Any good products for covering bigfoot flocked heads while in transport. I have about four dozen. I usually take all heads off but the feeders. I wish bigfoot made the same "twist and turn style head" for the feeders. Anyway I want to find a product that will save my flocking. Also I need one dozen shells to complete my spread. Go with FFD or just flocked heads? I am going to go with a stackable brand to save room.


----------



## whitehorse (Jan 28, 2008)

we dont' do anything to protect em, worst case, buy a flockin kit for 25 bucks and to touch up, the kits go a lonnnng ways... plus, i garantee any head sock will end up costing way more than that to protect them, and do a "fair" at best job at protecting them

about the shells, I have the oversized, non ffd's, and don't have a problem killing anything... they look really nice, and they stack very well... only thing I don't like is the heads take up a bag of their own, but it's still less than like 4 full bodies for sure


----------



## NDTerminator (Aug 20, 2003)

I use old tiube socks....


----------



## gonehunting (May 14, 2005)

Are the GHG replacement bigfoot heads just as good as the ones you can order off the Bigfoot website? I'm not too impressed with some of the stuff I've been reading about the Avery FFD goose decoys.


----------



## shooteminthelips (Jun 13, 2007)

You can get a 12 pack of black tube socks at Walmart for $4.


----------



## bjn (Jul 17, 2003)

I'm sure I'll get blasted again for saying something bad about the almighty Avery decoys, but I had poor luck with the replacement flocked heads made by Avery for Bigfoots. I have now thrown away over half that I bought a couple of seasons ago. The feeders crack up the back seam and the originals crack on the twist on portion. And yes, I do have many Avery products that I like, just not these.


----------



## NDTerminator (Aug 20, 2003)

Avery decoys & heads are not even close to the quality of BF, HC, Dakotas, or Smiths.
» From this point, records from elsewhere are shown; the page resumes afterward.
text \<open>Gram matrix G_off for data D (0-based indices: episode m < M, step h < H);
  Vt D m h is the learner's auxiliary vector (may depend on the data), Vt D m (h+1)
  playing the role of V~_{m,h+1}; Vt D m H corresponds to V~_{m,H+1}.\<close>
definition G_off :: "('s::finite \<Rightarrow> 'a \<Rightarrow> 's \<Rightarrow> real^'d) \<Rightarrow> (('s \<times> 'a) list list \<Rightarrow> nat \<Rightarrow> nat \<Rightarrow> 's \<Rightarrow> real)
    \<Rightarrow> nat \<Rightarrow> nat \<Rightarrow> ('s \<times> 'a) list list \<Rightarrow> real^'d^'d" where
  "G_off \<phi> Vt M H D =
     (\<Sum>m<M. \<Sum>h<H.
        outer (phiV \<phi> (fst (D ! m ! h)) (snd (D ! m ! h)) (Vt D m (Suc h)))
              (phiV \<phi> (fst (D ! m ! h)) (snd (D ! m ! h)) (Vt D m (Suc h))))"

definition tau :: "('s::finite \<Rightarrow> 'a \<Rightarrow> 's \<Rightarrow> real^'d) \<Rightarrow> (('s \<times> 'a) list list \<Rightarrow> nat \<Rightarrow> nat \<Rightarrow> 's \<Rightarrow> real)
    \<Rightarrow> nat \<Rightarrow> nat \<Rightarrow> real \<Rightarrow> ('s \<times> 'a) list list pmf \<Rightarrow> real \<Rightarrow> real" where
  "tau \<phi> Vt M H lam \<Omega> \<delta> =
     Sup {z. z \<ge> 0 \<and>
        measure_pmf.prob \<Omega> {D. lambda_min (lam *\<^sub>R mat 1 + G_off \<phi> Vt M H D) / real M \<ge> z} \<ge> 1 - \<delta>}"

end

theory Submission
  imports Defs
begin

text \<open>Failure of uniform learnability forces every finite family of vectors phi(. | s,a) V to
  have a common nonzero orthogonal vector: otherwise, after rescaling the V into the unit
  cube, the Gram matrix of the family would have a positive smallest eigenvalue, which is
  attained by a minimiser of the Rayleigh quotient. Applied to the family behind G_off this
  gives, for every data set, some u \<noteq> 0 with G_off u = 0, so the smallest eigenvalue of
  lam I + G_off is exactly lam. The probability in the definition of tau is therefore 1 for
  z \<le> lam / M and 0 for larger z, whatever the transition model, the behaviour policies and
  the auxiliary vectors are.\<close>

lemma quadratic_nonneg_imp_linear_coeff_zero:
  fixes a b :: real
  assumes "b \<ge> 0" and nonneg: "\<And>t. 0 \<le> 2 * t * a + t\<^sup>2 * b"
  shows "a = 0"
proof -
  define t where "t = - a / (b + 1)"
  have "b + 1 > 0" using assms(1) by simp
  moreover have "2 * t * a + t\<^sup>2 * b = - (a\<^sup>2 * (b + 2)) / (b + 1)\<^sup>2"
    using \<open>b + 1 > 0\<close> unfolding t_def
    by (simp add: power_divide divide_simps power2_eq_square) (simp add: algebra_simps)
  ultimately have "a\<^sup>2 * (b + 2) \<le> 0"
    using nonneg[of t] by (simp add: divide_le_0_iff)
  with assms(1) have "a\<^sup>2 \<le> 0" by (simp add: mult_le_0_iff)
  then show "a = 0" by simp
qed

lemma self_adjoint_quadratic_form_add:
  fixes f :: "'a::real_inner \<Rightarrow> 'a"
  assumes "linear f" and "\<And>v w. f v \<bullet> w = v \<bullet> f w"
  shows "(u + t *\<^sub>R w) \<bullet> f (u + t *\<^sub>R w) = u \<bullet> f u + 2 * t * (w \<bullet> f u) + t\<^sup>2 * (w \<bullet> f w)"
proof -
  have "u \<bullet> f w = w \<bullet> f u" using assms(2)[of w u] by (simp add: inner_commute)
  with assms(1) show ?thesis
    by (simp add: linear_add linear_scale inner_add_left inner_add_right algebra_simps power2_eq_square)
qed

lemma self_adjoint_rayleigh_minimiser:
  fixes f :: "'a::euclidean_space \<Rightarrow> 'a"
  assumes lin: "linear f" and adj: "\<And>v w. f v \<bullet> w = v \<bullet> f w"
  shows "\<exists>u m. u \<noteq> 0 \<and> f u = m *\<^sub>R u \<and> (\<forall>v. m * (v \<bullet> v) \<le> v \<bullet> f v)"
proof -
  have cont: "continuous_on (sphere 0 1) (\<lambda>v. v \<bullet> f v)"
    by (intro continuous_intros linear_continuous_on lin[unfolded linear_conv_bounded_linear])
  obtain u where u: "u \<in> sphere 0 1"
    and u_min: "\<And>v. v \<in> sphere 0 1 \<Longrightarrow> u \<bullet> f u \<le> v \<bullet> f v"
    using continuous_attains_inf[OF compact_sphere _ cont] by force
  define m where "m = u \<bullet> f u"
  have uu: "u \<bullet> u = 1" using u by (simp add: dot_square_norm)
  have rayleigh: "m * (v \<bullet> v) \<le> v \<bullet> f v" for v
  proof (cases "v = 0")
    case True
    then show ?thesis using lin by (simp add: linear_0)
  next
    case False
    define c where "c = 1 / norm v"
    have "c > 0" using False by (simp add: c_def)
    have "c *\<^sub>R v \<in> sphere 0 1" using False by (simp add: c_def)
    then have "m \<le> (c *\<^sub>R v) \<bullet> f (c *\<^sub>R v)" using u_min m_def by blast
    then have "m \<le> c\<^sup>2 * (v \<bullet> f v)" using lin by (simp add: linear_scale power2_eq_square)
    moreover have "c\<^sup>2 * (v \<bullet> v) = 1" using False by (simp add: c_def dot_square_norm field_simps)
    ultimately have "m * (c\<^sup>2 * (v \<bullet> v)) \<le> c\<^sup>2 * (v \<bullet> f v)" by simp
    then show ?thesis using \<open>c > 0\<close> by (simp add: mult.left_commute)
  qed
  have "w \<bullet> (f u - m *\<^sub>R u) = 0" for w
  proof (rule quadratic_nonneg_imp_linear_coeff_zero)
    show "0 \<le> w \<bullet> f w - m * (w \<bullet> w)" using rayleigh[of w] by simp
    fix t :: real
    have "(u + t *\<^sub>R w) \<bullet> (u + t *\<^sub>R w) = u \<bullet> u + 2 * t * (w \<bullet> u) + t\<^sup>2 * (w \<bullet> w)"
      using self_adjoint_quadratic_form_add[OF linear_id] by simp
    moreover have "0 \<le> (u + t *\<^sub>R w) \<bullet> f (u + t *\<^sub>R w) - m * ((u + t *\<^sub>R w) \<bullet> (u + t *\<^sub>R w))"
      using rayleigh[of "u + t *\<^sub>R w"] by simp
    ultimately show "0 \<le> 2 * t * (w \<bullet> (f u - m *\<^sub>R u)) + t\<^sup>2 * (w \<bullet> f w - m * (w \<bullet> w))"
      using self_adjoint_quadratic_form_add[OF lin adj] uu m_def
      by (simp add: inner_diff_right algebra_simps)
  qed
  from this[of "f u - m *\<^sub>R u"] have "f u = m *\<^sub>R u" by simp
  moreover have "u \<noteq> 0" using uu by auto
  ultimately show ?thesis using rayleigh by blast
qed

lemma lambda_min_eqI:
  fixes A :: "real^'n^'n"
  assumes "u \<noteq> 0" and "A *v u = m *\<^sub>R u" and "\<And>v. m * (v \<bullet> v) \<le> v \<bullet> (A *v v)"
  shows "lambda_min A = m"
  unfolding lambda_min_def
proof (rule cInf_eq_minimum)
  show "m \<in> {\<mu>. \<exists>v. v \<noteq> 0 \<and> A *v v = \<mu> *\<^sub>R v}" using assms(1,2) by blast
next
  fix \<mu> assume "\<mu> \<in> {\<mu>. \<exists>v. v \<noteq> 0 \<and> A *v v = \<mu> *\<^sub>R v}"
  then obtain v where "v \<noteq> 0" and "A *v v = \<mu> *\<^sub>R v" by blast
  with assms(3)[of v] show "m \<le> \<mu>" by simp
qed

lemma outer_self_mult_vec: "outer x x *v v = (x \<bullet> v) *\<^sub>R x"
  by (simp add: vec_eq_iff matrix_vector_mult_def outer_def inner_vec_def
      sum_distrib_left sum_distrib_right mult_ac)

lemma sum_matrix_vector_mult: "finite K \<Longrightarrow> sum A K *v v = (\<Sum>k\<in>K. A k *v v)"
  for A :: "'k \<Rightarrow> real^'n^'m"
  by (induction K rule: finite_induct) (simp_all add: matrix_vector_mult_add_rdistrib)

lemma gram_mult_vec:
  "finite K \<Longrightarrow> (\<Sum>k\<in>K. outer (y k) (y k)) *v v = (\<Sum>k\<in>K. (y k \<bullet> v) *\<^sub>R y k)"
  by (simp add: sum_matrix_vector_mult outer_self_mult_vec)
I know because I too fell for the "you can buy 6 Averys with flocked heads for the price of 3-4 of the other guy's" marketing ploy. Now a few years down the road, it's painfully clear that I would have been money a head to buy the higher quality stuff. I'm in the process of correcting that mistake.

BTW, I once bought some replacement heads from them. I called down and talked to a Customer Service guy directly so they would get it right and to make sure I could get them in time for the 07' season (this was 2 months before opening day). The heads arrived *8 MONTHS LATER*, and were the *WRONG ONES *for my decoys...

Keep an eye on eBay, if you want to score some Avery shell feeder heads cheap...

Like BJN, I'll give Avery credit for some of their stuff. They make/sell good blind bags, slings, and guncases, and decent blinds, but I will never again waste money on any of their decoys...


----------



## gonehunting (May 14, 2005)

Thanks for the info guys. I think you've answered my questions.


----------



## fargojohnson (Oct 17, 2005)

black socks from walmart...


----------